Anette E. "Peko" Hosoi is an American mechanical engineer, biophysicist, and mathematician, currently the Neil and Jane Pappalardo Professor of Mechanical Engineering and associate dean of engineering at the Massachusetts Institute of Technology.

Contributions
Hosoi's research interests include fluid dynamics,  unconventional robotics, and bio-inspired design.

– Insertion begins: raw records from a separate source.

lemma sum_sign_patterns_weight:
  assumes "finite L"
  shows "(\<Sum>e\<in>PiE L (\<lambda>_. {-1, 1}). \<Prod>l\<in>L. (1 + e l * v l) / 2) = (1::real)"
proof -
  have "(\<Sum>e\<in>PiE L (\<lambda>_. {-1, 1}). \<Prod>l\<in>L. (1 + e l * v l) / 2)
      = (\<Prod>l\<in>L. \<Sum>x\<in>{-1, 1::real}. (1 + x * v l) / 2)"
    by (rule prod_sum_PiE[symmetric]) (use assms in auto)
  also have "\<dots> = 1" by (intro prod.neutral ballI) (simp add: add_divide_distrib[symmetric])
  finally show ?thesis .
qed

lemma sum_sign_patterns_coordinate:
  assumes "finite L" and "i \<in> L"
  shows "(\<Sum>e\<in>PiE L (\<lambda>_. {-1, 1}). e i * (\<Prod>l\<in>L. (1 + e l * v l) / 2)) = (v i :: real)"
proof -
  define g where "g l x = (1 + x * v l) / 2 * (if l = i then x else 1)" for l and x :: real
  have "(\<Prod>l\<in>L. g l (e l)) = (\<Prod>l\<in>L. (1 + e l * v l) / 2) * (\<Prod>l\<in>L. if l = i then e l else 1)" for e
    unfolding g_def by (rule prod.distrib)
  hence "e i * (\<Prod>l\<in>L. (1 + e l * v l) / 2) = (\<Prod>l\<in>L. g l (e l))" for e
    using assms by (simp add: prod.delta)
  hence "(\<Sum>e\<in>PiE L (\<lambda>_. {-1, 1}). e i * (\<Prod>l\<in>L. (1 + e l * v l) / 2))
      = (\<Prod>l\<in>L. \<Sum>x\<in>{-1, 1::real}. g l x)"
    by (simp add: prod_sum_PiE[symmetric] assms(1))
  also have "\<dots> = (\<Prod>l\<in>L. if l = i then v l else 1)"
    by (intro prod.cong refl) (auto simp: g_def add_divide_distrib[symmetric] algebra_simps)
  also have "\<dots> = v i" using assms by (simp add: prod.delta)
  finally show ?thesis .
qed

lemma finite_Hset: "finite (Hset n d)"
proof (rule finite_subset)
  show "Hset n d \<subseteq> PiE {..<n} (\<lambda>_. {-1, 0, 1})" by (auto simp: Hset_def)
qed (auto intro: finite_PiE)

lemma Hset_nonempty: "Hset n d \<noteq> {}"
proof -
  let ?h = "\<lambda>i. if i < n then (if i < min d n then 1 else 0) else (undefined::real)"
  have "{i\<in>{..<n}. ?h i \<noteq> 0} = {..<min d n}" by auto
  hence "?h \<in> Hset n d" by (auto simp: Hset_def PiE_def Pi_def extensional_def)
  thus ?thesis by blast
qed

lemma Hset_uminus: "h \<in> Hset n d \<Longrightarrow> (\<lambda>i. if i < n then - h i else undefined) \<in> Hset n d"
proof -
  assume h: "h \<in> Hset n d"
  have "{i\<in>{..<n}. (if i < n then - h i else undefined) \<noteq> 0} = {i\<in>{..<n}. h i \<noteq> 0}" by auto
  thus ?thesis using h by (auto simp: Hset_def PiE_def Pi_def extensional_def)
qed

lemma sparse_vector_Hset_decomp:
  assumes a: "0 \<le> a" and y_le: "\<forall>i<n. \<bar>y i\<bar> \<le> a" and support: "card {i\<in>{..<n}. y i \<noteq> 0} \<le> D"
  obtains I :: "(nat \<Rightarrow> real) set" and w \<phi> where "finite I" "\<forall>e\<in>I. 0 \<le> w e"
    "(\<Sum>e\<in>I. w e) = a" "\<forall>e\<in>I. \<phi> e \<in> Hset n D" "\<forall>i<n. y i = (\<Sum>e\<in>I. w e * \<phi> e i)"
proof -
  let ?S = "{i\<in>{..<n}. y i \<noteq> 0}"
  have "card ?S \<le> card {..<n}" by (intro card_mono) auto
  with support have "card ?S \<le> min D n" by simp
  then obtain L where SL: "?S \<subseteq> L" and Ln: "L \<subseteq> {..<n}" and card_L: "card L = min D n"
    using exists_subset_between[of ?S "min D n" "{..<n}"] by auto
  have finL: "finite L" using Ln finite_subset by blast
  define v where "v i = y i / a" for i
  have v_le: "\<bar>v l\<bar> \<le> 1" if "l \<in> L" for l
    using a y_le that Ln by (cases "a = 0") (auto simp: v_def abs_divide divide_le_eq_1)
  have av: "a * v i = y i" if "i < n" for i
    using y_le that by (cases "a = 0") (auto simp: v_def)
  define I where "I = PiE L (\<lambda>_. {-1, 1::real})"
  define w where "w e = a * (\<Prod>l\<in>L. (1 + e l * v l) / 2)" for e :: "nat \<Rightarrow> real"
  define \<phi> where "\<phi> e = (\<lambda>i. if i < n then (if i \<in> L then e i else 0) else undefined)"
    for e :: "nat \<Rightarrow> real"
  show ?thesis
  proof
    show "finite I" unfolding I_def using finL by (intro finite_PiE) auto
    have "0 \<le> (1 + x * v l) / 2" if "x \<in> {-1, 1}" "l \<in> L" for x l
      using v_le[OF that(2)] that(1) by (auto simp: abs_le_iff)
    thus "\<forall>e\<in>I. 0 \<le> w e"
      unfolding w_def I_def using a by (auto intro!: mult_nonneg_nonneg prod_nonneg simp: PiE_def Pi_def)
    show "(\<Sum>e\<in>I. w e) = a"
      using sum_sign_patterns_weight[OF finL, of v] by (simp add: w_def I_def sum_distrib_left[symmetric])
    show "\<forall>e\<in>I. \<phi> e \<in> Hset n D"
    proof
      fix e assume e: "e \<in> I"
      have "{i\<in>{..<n}. \<phi> e i \<noteq> 0} = L"
        using e Ln by (auto simp: \<phi>_def I_def PiE_def Pi_def)
      moreover have "\<phi> e \<in> PiE {..<n} (\<lambda>_. {-1, 0, 1})"
        using e Ln by (auto simp: \<phi>_def I_def PiE_def Pi_def extensional_def)
      ultimately show "\<phi> e \<in> Hset n D" using card_L by (simp add: Hset_def)
    qed
    show "\<forall>i<n. y i = (\<Sum>e\<in>I. w e * \<phi> e i)"
    proof (intro allI impI)
      fix i assume i: "i < n"
      show "y i = (\<Sum>e\<in>I. w e * \<phi> e i)"
      proof (cases "i \<in> L")
        case True
        have "(\<Sum>e\<in>I. w e * \<phi> e i) = a * (\<Sum>e\<in>I. e i * (\<Prod>l\<in>L. (1 + e l * v l) / 2))"
          using True i by (simp add: w_def \<phi>_def sum_distrib_left mult_ac)
        also have "\<dots> = y i"
          using sum_sign_patterns_coordinate[OF finL True] av[OF i] by (simp add: I_def)
        finally show ?thesis ..
      qed (use SL i in \<open>auto simp: \<phi>_def\<close>)
    qed
  qed
qed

For instance, one of her projects developed a robot that moved like a snail by extruding artificial snail slime and rippling over it.
She has also studied how razor clams turn sand into quicksand while digging themselves in,
and designed wetsuits using materials that mimic the thermal insulation properties of otter fur.
She is the founder of a sports engineering program at MIT, which she started in 2011 after frustration at the performance of her cross-country bicycle on a downhill bicycling course.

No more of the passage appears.